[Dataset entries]
+ + + +
lemma tendsto_expectation_excess_over_level:
  fixes V :: "'a \<Rightarrow> real"
  assumes [measurable]: "random_variable borel V"
    and Vnn: "\<And>x. x \<in> space M \<Longrightarrow> V x \<ge> 0" and intV: "integrable M V"
  shows "(\<lambda>K. expectation (\<lambda>x. V x - min (V x) (real K))) \<longlonglongrightarrow> 0"
proof -
  have "(\<lambda>K. expectation (\<lambda>x. V x - min (V x) (real K))) \<longlonglongrightarrow> expectation (\<lambda>x. 0)"
  proof (rule integral_dominated_convergence[where w=V])
    show "AE x in M. (\<lambda>K. V x - min (V x) (real K)) \<longlonglongrightarrow> 0"
    proof (intro AE_I2)
      fix x
      obtain N :: nat where "V x < real N" using reals_Archimedean2 by blast
      then have "eventually (\<lambda>K. V x - min (V x) (real K) = 0) sequentially"
        unfolding eventually_sequentially by (intro exI[of _ N]) auto
      then show "(\<lambda>K. V x - min (V x) (real K)) \<longlonglongrightarrow> 0" by (rule tendsto_eventually)
    qed
    show "AE x in M. norm (V x - min (V x) (real K)) \<le> V x" for K
      using Vnn by (intro AE_I2) auto
  qed (use intV in auto)
  then show ?thesis by simp
qed

text \<open>Splitting at level \<open>c\<close>: the bounded part obeys the strong law, and the excess over \<open>c\<close>
  costs at most twice its expectation.\<close>

lemma AE_eventually_mean_le_expectation_plus_excess:
  fixes W :: "nat \<Rightarrow> 'a \<Rightarrow> real" and V :: "'a \<Rightarrow> real"
  assumes indep: "indep_vars (\<lambda>_. borel) W UNIV"
    and distr: "\<And>i. distr M borel (W i) = distr M borel V"
    and rvV[measurable]: "random_variable borel V"
    and Vnn: "\<And>x. x \<in> space M \<Longrightarrow> V x \<ge> 0" and Wnn: "\<And>i x. x \<in> space M \<Longrightarrow> W i x \<ge> 0"
    and intV: "integrable M V" and c: "c > 0"
  shows "AE x in M. \<forall>e>0. eventually (\<lambda>n. (\<Sum>i<n. W i x) / real n
           \<le> expectation V + expectation (\<lambda>x. V x - min (V x) c) + e) sequentially"
proof -
  define b where "b v = min v c" for v
  define t where "t v = v - b v" for v
  have [measurable]: "b \<in> borel_measurable borel" "t \<in> borel_measurable borel"
    unfolding t_def b_def by measurable
  have intb: "integrable M (\<lambda>x. b (V x))"
    by (rule integrable_bounded[where B=c]) (use Vnn c in \<open>auto simp: b_def\<close>)
  have intt: "integrable M (\<lambda>x. t (V x))"
    unfolding t_def using intV intb by auto
  have "expectation V = expectation (\<lambda>x. b (V x) + t (V x))" by (simp add: t_def)
  also have "\<dots> = expectation (\<lambda>x. b (V x)) + expectation (\<lambda>x. t (V x))"
    using intb intt by simp
  finally have split: "expectation V = expectation (\<lambda>x. b (V x)) + expectation (\<lambda>x. t (V x))" .
  have "AE x in M. (\<lambda>n. (\<Sum>i<n. b (W i x)) / real n) \<longlonglongrightarrow> expectation (\<lambda>x. b (V x))"
  proof (rule strong_law_bounded[where a=0 and b=c])
    show "indep_vars (\<lambda>_. borel) (\<lambda>i x. b (W i x)) UNIV"
      by (rule indep_vars_compose2[OF indep]) auto
    show "distr M borel (\<lambda>x. b (W i x)) = distr M borel (\<lambda>x. b (V x))" for i
      using indep unfolding indep_vars_def by (intro distr_comp_eq[OF distr]) auto
  qed (use Vnn c in \<open>auto simp: b_def\<close>)
  moreover have "AE x in M. \<forall>e>0. eventually (\<lambda>n.
      (\<Sum>i<n. t (W i x)) / real n \<le> 2 * expectation (\<lambda>x. t (V x)) + e) sequentially"
  proof (rule AE_eventually_mean_le_twice_expectation)
    show "indep_vars (\<lambda>_. borel) (\<lambda>i x. t (W i x)) UNIV"
      by (rule indep_vars_compose2[OF indep]) auto
    show "distr M borel (\<lambda>x. t (W i x)) = distr M borel (\<lambda>x. t (V x))" for i
      using indep unfolding indep_vars_def by (intro distr_comp_eq[OF distr]) auto
  qed (use intt in \<open>auto simp: t_def b_def\<close>)
  ultimately show ?thesis
  proof eventually_elim
    case (elim x)
    show ?case
    proof (intro allI impI)
      fix e :: real assume e: "e > 0"
      have "eventually (\<lambda>n. (\<Sum>i<n. b (W i x)) / real n < expectation (\<lambda>x. b (V x)) + e / 2) sequentially"
        by (rule order_tendstoD(2)[OF elim(1)]) (use e in auto)
      moreover have "eventually (\<lambda>n. (\<Sum>i<n. t (W i x)) / real n \<le> 2 * expectation (\<lambda>x. t (V x)) + e / 2) sequentially"
        using elim(2) e by simp
      ultimately show "eventually (\<lambda>n. (\<Sum>i<n. W i x) / real n
          \<le> expectation V + expectation (\<lambda>x. V x - min (V x) c) + e) sequentially"
      proof eventually_elim
        case (elim n)
        have "(\<Sum>i<n. W i x) / real n = (\<Sum>i<n. b (W i x)) / real n + (\<Sum>i<n. t (W i x)) / real n"
          by (simp add: t_def sum.distrib[symmetric] add_divide_distrib[symmetric])
        with elim split show ?case by (simp add: t_def b_def)
      qed
    qed
  qed
qed
definition ex_r :: "nat \<Rightarrow> nat \<Rightarrow> mgraph set \<Rightarrow> nat" where
  "ex_r r n \<G> = Max {card H | H :: nat set set.
      uniform_hypergraph r {..<n} H \<and> family_free H \<G>}"

definition C2 :: mgraph where "C2 = ({0, 1}, \<lambda>e. {0, 1})"

definition C3 :: mgraph where
  "C3 = ({0, 1, 2}, \<lambda>e. if e = 0 then {0, 1} else if e = 1 then {1, 2} else {0, 2})"

text \<open>K_{2,m}: parts {0,1} and {2,..,m+1}; edge identifier e < 2m joins
  e mod 2 and e div 2 + 2.\<close>
definition K2 :: "nat \<Rightarrow> mgraph" where
  "K2 m = ({..<2 * m}, \<lambda>e. {e mod 2, e div 2 + 2})"

end

theory Submission
  imports Defs "HOL-Analysis.Convex"
begin

text \<open>Count the Berge paths x, v, y of length two (two distinct edges through v, one
  containing x and one containing y). By linearity a vertex of degree d is the middle
  vertex of d (d - 1) (r - 1)^2 of them. Conversely, in a linear triangle-free hypergraph
  no edge contains both ends x and y, and the legs of paths with different middle vertices
  are all distinct, so t + 1 middle vertices for the same pair x, y would give a
  Berge-K_{2,t+1}. Summing over vertices and applying Cauchy-Schwarz to the degrees,
  whose sum is r |H|, yields the bound.\<close>

definition linear_hypergraph :: "'a set set \<Rightarrow> bool" where
  "linear_hypergraph H \<longleftrightarrow>
     (\<forall>h1\<in>H. \<forall>h2\<in>H. \<forall>x y. {x, y} \<subseteq> h1 \<and> {x, y} \<subseteq> h2 \<and> x \<noteq> y \<longrightarrow> h1 = h2)"

lemma linear_hypergraphD:
  "\<lbrakk>linear_hypergraph H; h1 \<in> H; h2 \<in> H; {x, y} \<subseteq> h1; {x, y} \<subseteq> h2; x \<noteq> y\<rbrakk> \<Longrightarrow> h1 = h2"
  unfolding linear_hypergraph_def by blast

lemma linear_hypergraph_if_Berge_C2_free:
  assumes "\<not> contains_berge H C2"
  shows "linear_hypergraph H"
  unfolding linear_hypergraph_def
proof (intro ballI allI impI; rule ccontr)
  fix h1 h2 x y
  assume "h1 \<in> H" "h2 \<in> H" "{x, y} \<subseteq> h1 \<and> {x, y} \<subseteq> h2 \<and> x \<noteq> y" "h1 \<noteq> h2"
  then have "contains_berge H C2"
    unfolding contains_berge_def
    by (intro exI[of _ "\<lambda>i. if i = 0 then x else y"] exI[of _ "\<lambda>i. if i = 0 then h1 else h2"])
      (auto simp: C2_def mg_verts_def mg_edges_def mg_ends_def inj_on_def)
  with assms show False ..
qed

lemma contains_berge_C3I:
  assumes "distinct [a, b, c]" "distinct [h0, h1, h2]" "{h0, h1, h2} \<subseteq> H"
    and "{a, b} \<subseteq> h0" "{b, c} \<subseteq> h1" "{a, c} \<subseteq> h2"
  shows "contains_berge H C3"
  unfolding contains_berge_def
  by (intro exI[of _ "\<lambda>i. if i = 0 then a else if i = 1 then b else c"]
      exI[of _ "\<lambda>i. if i = 0 then h0 else if i = 1 then h1 else h2"])
    (use assms in \<open>auto simp: C3_def mg_verts_def mg_edges_def mg_ends_def inj_on_def\<close>)

lemma contains_berge_K2I:
  assumes Z: "finite Z" "x \<notin> Z" "y \<notin> Z" and "x \<noteq> y"
    and inj: "inj_on A Z" "inj_on B Z" and disj: "A ` Z \<inter> B ` Z = {}"
    and edges: "\<And>v. v \<in> Z \<Longrightarrow> A v \<in> H \<and> B v \<in> H \<and> {x, v} \<subseteq> A v \<and> {y, v} \<subseteq> B v"
  shows "contains_berge H (K2 (card Z))"
proof -
  define m where "m = card Z"
  obtain g where g: "bij_betw g {..<m} Z"
    using ex_bij_betw_nat_finite[OF Z(1)] by (auto simp: m_def atLeast0LessThan)
  have gZ: "g i \<in> Z" if "i < m" for i
    using g that by (auto dest: bij_betwE)
  define \<phi> where "\<phi> k = (if k = 0 then x else if k = 1 then y else g (k - 2))" for k
  define \<psi> where "\<psi> e = (if even e then A else B) (g (e div 2))" for e
  have "inj_on \<phi> {..<m + 2}"
  proof (rule inj_onI)
    fix k l assume kl: "k \<in> {..<m + 2}" "l \<in> {..<m + 2}" "\<phi> k = \<phi> l"
    have "\<phi> k \<in> Z \<longleftrightarrow> k \<ge> 2" "\<phi> l \<in> Z \<longleftrightarrow> l \<ge> 2"
      using kl(1,2) gZ[of "k - 2"] gZ[of "l - 2"] Z by (auto simp: \<phi>_def)
    moreover have "g (k - 2) = g (l - 2) \<Longrightarrow> k - 2 = l - 2" if "k \<ge> 2" "l \<ge> 2"
      using bij_betw_imp_inj_on[OF g] kl that by (auto dest: inj_onD)
    ultimately show "k = l"
      using kl(3) \<open>x \<noteq> y\<close> by (auto simp: \<phi>_def split: if_splits)
  qed
  moreover have "mg_verts (K2 m) \<subseteq> {..<m + 2}"
    by (auto simp: K2_def mg_verts_def mg_edges_def mg_ends_def)
  ultimately have inj_\<phi>: "inj_on \<phi> (mg_verts (K2 m))"
    by (rule inj_on_subset)
  have inj_Ag: "inj_on (A \<circ> g) {..<m}" and inj_Bg: "inj_on (B \<circ> g) {..<m}"
    using inj bij_betw_imp_inj_on[OF g] bij_betw_imp_surj_on[OF g] by (auto intro: comp_inj_on)
  have inj_\<psi>: "inj_on \<psi> (mg_edges (K2 m))"
  proof (rule inj_onI)
    fix e f assume ef: "e \<in> mg_edges (K2 m)" "f \<in> mg_edges (K2 m)" "\<psi> e = \<psi> f"
    then have lt: "e div 2 < m" "f div 2 < m"
      by (auto simp: K2_def mg_edges_def)
    have "even e = even f"
      using ef disj gZ[OF lt(1)] gZ[OF lt(2)] by (auto simp: \<psi>_def split: if_splits)
    moreover have "e div 2 = f div 2"
      using ef lt calculation inj_onD[OF inj_Ag] inj_onD[OF inj_Bg]
      by (cases "even e") (auto simp: \<psi>_def)
    ultimately show "e = f"
      by (metis div_mult_mod_eq mod2_eq_if)
  qed
  have "\<psi> e \<in> H \<and> \<phi> ` mg_ends (K2 m) e \<subseteq> \<psi> e" if "e \<in> mg_edges (K2 m)" for e
  proof -
    have "g (e div 2) \<in> Z"
      using that gZ by (auto simp: K2_def mg_edges_def)
    then show ?thesis
      using edges by (auto simp: \<phi>_def \<psi>_def K2_def mg_ends_def elim: oddE)
  qed
  then show ?thesis
    unfolding contains_berge_def m_def[symmetric] using inj_\<phi> inj_\<psi> by blast
qed

definition cherry_centers :: "'a set set \<Rightarrow> 'a \<Rightarrow> 'a \<Rightarrow> 'a set" where
  "cherry_centers H x y =
     {v. \<exists>h1\<in>H. \<exists>h2\<in>H. h1 \<noteq> h2 \<and> {x, v} \<subseteq> h1 \<and> {y, v} \<subseteq> h2 \<and> x \<noteq> v \<and> y \<noteq> v}"

lemma cherry_ends_not_covered:
  assumes lin: "linear_hypergraph H" and C3: "\<not> contains_berge H C3"
    and v: "v \<in> cherry_centers H x y"
  shows "x \<noteq> y" and "\<forall>h\<in>H. \<not> {x, y} \<subseteq> h"
proof -
  obtain h1 h2 where hs: "h1 \<in> H" "h2 \<in> H" "h1 \<noteq> h2" "{x, v} \<subseteq> h1" "{y, v} \<subseteq> h2" "x \<noteq> v" "y \<noteq> v"
    using v by (auto simp: cherry_centers_def)
  show xy: "x \<noteq> y"
    using hs linear_hypergraphD[OF lin, of h1 h2 x v] by auto
  show "\<forall>h\<in>H. \<not> {x, y} \<subseteq> h"
  proof (intro ballI notI)
    fix h assume h: "h \<in> H" and xyh: "{x, y} \<subseteq> h"
    have "h \<noteq> h1" "h \<noteq> h2"
      using xyh hs xy linear_hypergraphD[OF lin, of h1 h2] by (auto simp: insert_commute)
    then have "contains_berge H C3"
      using hs xy xyh h by (intro contains_berge_C3I[of v x y h1 h h2]) auto
    with C3 show False ..
  qed
qed
(* Let $a,b,c,d$ be nonnegative integers with $\min\{b,c\}=3$ and $\max\{a,d\}\leq 2$, and let $m\geq 4$ satisfy $2^{m-2}\geq(\max\{b,c\}-1)m^2$. Then $$\mathrm{forb}(m,3,F(a,b,c,d))=\mathrm{forb}(m,3,3\cdot I_2)=\mathrm{forb}(m,3,3\cdot K_2)-1.$$
   Context: An $s$-matrix has entries in $\{0,\dots,s-1\}$; simple means no repeated columns. $F\prec A$ means some submatrix of $A$ is a row/column permutation of $F$. $\mathrm{forb}(m,s,F)$ is the maximum number of columns of an $m$-rowed simple $s$-matrix $A$ with $F\not\prec A$. $F(a,b,c,d)$ is the 2-rowed $(0,1)$-matrix with $a$ columns $\binom00$, $b$ columns $\binom10$, $c$ columns $\binom01$, $d$ columns $\binom11$. $K_2$ is the $2\times4$ matrix of all $(0,1)$-columns of length 2, $I_2$ the $2\times2$ identity matrix, and $p\cdot F$ the concatenation of $p$ copies of $F$. *)

theory Defs
  imports Main
begin

text \<open>A column of an m-rowed s-matrix is a list of length m with entries in {0..<s}.
  A simple m-rowed s-matrix (no repeated columns, column order irrelevant)
  is a set of such columns; its number of columns is the cardinality.\<close>

definition cols :: "nat \<Rightarrow> nat \<Rightarrow> nat list set" where
  "cols m s = {x. length x = m \<and> set x \<subseteq> {0..<s}}"

text \<open>A k-rowed matrix F (possibly with repeated columns) is a list of columns,
  each of length k.\<close>

definition config :: "nat \<Rightarrow> nat list list \<Rightarrow> nat \<Rightarrow> nat list set \<Rightarrow> bool" where
  "config k F m A \<longleftrightarrow>
     (\<exists>\<rho> \<gamma>. inj_on \<rho> {0..<k} \<and> \<rho> ` {0..<k} \<subseteq> {0..<m} \<and>
            inj_on \<gamma> {0..<length F} \<and> \<gamma> ` {0..<length F} \<subseteq> A \<and>
            (\<forall>j<length F. \<forall>i<k. (\<gamma> j) ! (\<rho> i) = (F ! j) ! i))"

definition forb :: "nat \<Rightarrow> nat \<Rightarrow> nat \<Rightarrow> nat list list \<Rightarrow> nat" where
  "forb m s k F = Max {card A | A. A \<subseteq> cols m s \<and> \<not> config k F m A}"

definition Fabcd :: "nat \<Rightarrow> nat \<Rightarrow> nat \<Rightarrow> nat \<Rightarrow> nat list list" where
  "Fabcd a b c d = replicate a [0,0] @ replicate b [1,0] @ replicate c [0,1] @ replicate d [1,1]"

definition I2 :: "nat list list" where
  "I2 = [[1,0],[0,1]]"

definition K2 :: "nat list list" where
  "K2 = [[0,0],[1,0],[0,1],[1,1]]"

definition copies :: "nat \<Rightarrow> nat list list \<Rightarrow> nat list list" where
  "copies p F = concat (replicate p F)"

end

theory Submission
  imports Defs
begin
text \<open>Variables of a term are split into the
a-block (Inl i) and the c-block (Inr j); since terms have finitely many variables
and congruences are reflexive on the carrier, quantifying over full assignments
is the same as quantifying over finite tuples.\<close>

definition TC :: "('f \<Rightarrow> nat) \<Rightarrow> ('f,'a) alg \<Rightarrow> 'a rel \<Rightarrow> 'a rel \<Rightarrow> 'a rel \<Rightarrow> bool" where
  "TC ar M \<alpha> \<beta> \<mu> \<longleftrightarrow>
     (\<forall>(t :: ('f, nat + nat) trm) a b c d. wf_trm ar t \<longrightarrow>
        (\<forall>i. (a i, b i) \<in> \<alpha>) \<longrightarrow> (\<forall>j. (c j, d j) \<in> \<beta>) \<longrightarrow>
        ((eval (opr M) (case_sum a c) t, eval (opr M) (case_sum a d) t) \<in> \<mu>
          \<longleftrightarrow> (eval (opr M) (case_sum b c) t, eval (opr M) (case_sum b d) t) \<in> \<mu>))"

definition comm :: "('f \<Rightarrow> nat) \<Rightarrow> ('f,'a) alg \<Rightarrow> 'a rel \<Rightarrow> 'a rel \<Rightarrow> 'a rel" where
  "comm ar M \<alpha> \<beta> = \<Inter>{\<mu> \<in> Con ar M. TC ar M \<alpha> \<beta> \<mu>}"

definition prime_con :: "('f \<Rightarrow> nat) \<Rightarrow> ('f,'a) alg \<Rightarrow> 'a rel \<Rightarrow> bool" where
  "prime_con ar M \<phi> \<longleftrightarrow> \<phi> \<in> Con ar M \<and> \<phi> \<noteq> Nabla M \<and>
     (\<forall>\<alpha>\<in>Con ar M. \<forall>\<beta>\<in>Con ar M. comm ar M \<alpha> \<beta> \<subseteq> \<phi> \<longrightarrow> \<alpha> \<subseteq> \<phi> \<or> \<beta> \<subseteq> \<phi>)"

definition Spec :: "('f \<Rightarrow> nat) \<Rightarrow> ('f,'a) alg \<Rightarrow> 'a rel set" where
  "Spec ar M = {\<phi>. prime_con ar M \<phi>}"

definition MinSpec :: "('f \<Rightarrow> nat) \<Rightarrow> ('f,'a) alg \<Rightarrow> 'a rel set" where
  "MinSpec ar M = {\<phi> \<in> Spec ar M. \<forall>\<psi>\<in>Spec ar M. \<psi> \<subseteq> \<phi> \<longrightarrow> \<psi> = \<phi>}"

definition rad :: "('f \<Rightarrow> nat) \<Rightarrow> ('f,'a) alg \<Rightarrow> 'a rel \<Rightarrow> 'a rel" where
  "rad ar M \<theta> = (if {\<phi> \<in> Spec ar M. \<theta> \<subseteq> \<phi>} = {} then Nabla M
                  else \<Inter>{\<phi> \<in> Spec ar M. \<theta> \<subseteq> \<phi>})"

definition semiprime :: "('f \<Rightarrow> nat) \<Rightarrow> ('f,'a) alg \<Rightarrow> bool" where
  "semiprime ar M \<longleftrightarrow> rad ar M (Delta M) = Delta M"

definition comm_commutative :: "('f \<Rightarrow> nat) \<Rightarrow> ('f,'a) alg \<Rightarrow> bool" where
  "comm_commutative ar M \<longleftrightarrow>
     (\<forall>\<alpha>\<in>Con ar M. \<forall>\<beta>\<in>Con ar M. comm ar M \<alpha> \<beta> = comm ar M \<beta> \<alpha>)"

definition comm_join_distributive :: "('f \<Rightarrow> nat) \<Rightarrow> ('f,'a) alg \<Rightarrow> bool" where
  "comm_join_distributive ar M \<longleftrightarrow>
     (\<forall>S \<subseteq> Con ar M. \<forall>\<beta>\<in>Con ar M.
        comm ar M (Cg ar M (\<Union>S)) \<beta> = Cg ar M (\<Union>\<alpha>\<in>S. comm ar M \<alpha> \<beta>))"

definition m_extension :: "('f \<Rightarrow> nat) \<Rightarrow> ('f,'a) alg \<Rightarrow> ('f,'a) alg \<Rightarrow> bool" where
  "m_extension ar A B \<longleftrightarrow> (\<forall>\<mu>\<in>MinSpec ar B. \<mu> \<inter> Nabla A \<in> MinSpec ar A)"

end

theory Submission
  imports Defs
begin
+ + + +
__TASK DESCRIPTION__.
Only the lines from the beginning of the entries through the line bearing "(real K) = 0)" should be returned, each exactly as written.

__SOLUTION TO THIS EXERCISE__.
lemma tendsto_expectation_excess_over_level:
  fixes V :: "'a \<Rightarrow> real"
  assumes [measurable]: "random_variable borel V"
    and Vnn: "\<And>x. x \<in> space M \<Longrightarrow> V x \<ge> 0" and intV: "integrable M V"
  shows "(\<lambda>K. expectation (\<lambda>x. V x - min (V x) (real K))) \<longlonglongrightarrow> 0"
proof -
  have "(\<lambda>K. expectation (\<lambda>x. V x - min (V x) (real K))) \<longlonglongrightarrow> expectation (\<lambda>x. 0)"
  proof (rule integral_dominated_convergence[where w=V])
    show "AE x in M. (\<lambda>K. V x - min (V x) (real K)) \<longlonglongrightarrow> 0"
    proof (intro AE_I2)
      fix x
      obtain N :: nat where "V x < real N" using reals_Archimedean2 by blast
      then have "eventually (\<lambda>K. V x - min (V x) (real K) = 0) sequentially"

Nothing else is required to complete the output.